The two most recent events that should make revisiting the Times v. Sullivan case a no-brainer would be the cases of Nick Sandmann and Kyle Rittenhouse. In 2019, Sandmann was with classmates from his Catholic high school at the March For Life in Washington, D.C.  

He was confronted by a Native-American man named Nathan Phillips. As the two stood eye to eye, Sandmann did nothing but smile at Phillips. The footage went viral, and Sandmann was immediately dubbed the aggressor and a white supremacist. Sandmann went on to file lawsuits against several outlets, including CNN and the Washington Post.

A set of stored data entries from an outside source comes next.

lemma kform_commute:
  assumes "kernel_on M K"
  shows "kform M K a b = kform M K b a"
proof -
  have "kform M K a b = (\<Sum>j\<in>{1..M}. \<Sum>i\<in>{1..M}. K i j * a i * b j)"
    unfolding kform_def by (rule sum.swap)
  also have "\<dots> = kform M K b a"
    unfolding kform_def using assms unfolding kernel_on_def
    by (intro sum.cong refl) (auto simp: mult_ac)
  finally show ?thesis .
qed

lemma kform_nonneg:
  assumes "kernel_on M K"
  shows "0 \<le> kform M K a a"
  using assms unfolding kernel_on_def kform_def by (simp add: mult_ac)

lemma kform_polarization_le:
  assumes "kernel_on M K"
  shows "2 * kform M K c a - kform M K c c \<le> kform M K a a"
proof -
  have "kform M K (\<lambda>i. a i - c i) (\<lambda>i. a i - c i)
      = kform M K a a - kform M K a c - kform M K c a + kform M K c c"
    unfolding kform_def by (simp add: algebra_simps sum_subtractf sum.distrib)
  then show ?thesis
    using kform_nonneg[OF assms, of "\<lambda>i. a i - c i"] kform_commute[OF assms, of a c] by linarith
qed
definition racah_poly :: "real \<Rightarrow> real \<Rightarrow> real \<Rightarrow> real \<Rightarrow> nat \<Rightarrow> real poly" where
  "racah_poly \<alpha> \<beta> \<gamma> \<delta> i =
     (\<Sum>k\<le>i. smult (pochhammer (- real i) k * pochhammer (real i + \<alpha> + \<beta> + 1) k
                 / (pochhammer (\<alpha> + 1) k * pochhammer (\<beta> + \<delta> + 1) k
                    * pochhammer (\<gamma> + 1) k * fact k))
               (\<Prod>l<k. [: real l * (real l + \<gamma> + \<delta> + 1), -1 :]))"

end

theory Submission
  imports Defs
begin

(* Both u_i(4y + d(d + 1)) and R_i(y) are sums in Newton form over quadratic lattices, and each
   family satisfies a three-term recurrence in i.  For the parameters at hand the recurrence
   coefficients of the Racah polynomials are exactly a quarter of those of the dual Hahn
   polynomials, which become the same recurrence after the substitution x = 4y + d(d + 1); as both
   families start with 1, they coincide.  The Racah nodes are the values of x(x + 1) at
   x = d - 2j, and x(x + 1) is invariant under x -> -1 - x, so each of them is a dual Hahn node
   theta_(sigma j), where sigma j = 2j or 2(d - j) + 1.  Finally, both weight sequences are
   products of consecutive ratios, and the ratio of consecutive Racah weights at j equals the
   product of the dual Hahn ratios met when passing from sigma j to sigma (j + 1). *)

section \<open>Polynomials in Newton form over a lattice\<close>

definition newton_poly :: "(nat \<Rightarrow> 'a::comm_ring_1) \<Rightarrow> (nat \<Rightarrow> 'a) \<Rightarrow> nat \<Rightarrow> 'a poly" where
  "newton_poly t \<mu> n = (\<Sum>k\<le>n. smult (t k) (\<Prod>l<k. [:\<mu> l, -1:]))"

lemma poly_newton_poly: "poly (newton_poly t \<mu> n) y = (\<Sum>k\<le>n. t k * (\<Prod>l<k. \<mu> l - y))"
  by (simp add: newton_poly_def poly_sum poly_prod)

Kyle Rittenhouse was charged with killing two people during the 2020 riots in Kenosha, Wisconsin after the death of Jacob Blake. Rittenhouse claimed to have acted in self defense and was subsequently found not guilty. Kyle Rittenhouse was immediately vilified by the media as well, being called a white supremacist and a domestic terrorist. 

Thomas has spoken about looking at the Times v. Sullivan ruling before. In a dissent stemming from the Court’s refusal to hear another such case in 2021, Thomas wrote,

“The lack of historical support for this Court’s actual-malice requirement is reason enough to take a second look at the Court’s doctrine. Our reconsideration is all the more needed because of the doctrine’s real-world effects. Public figure or private, lies impose real harm.”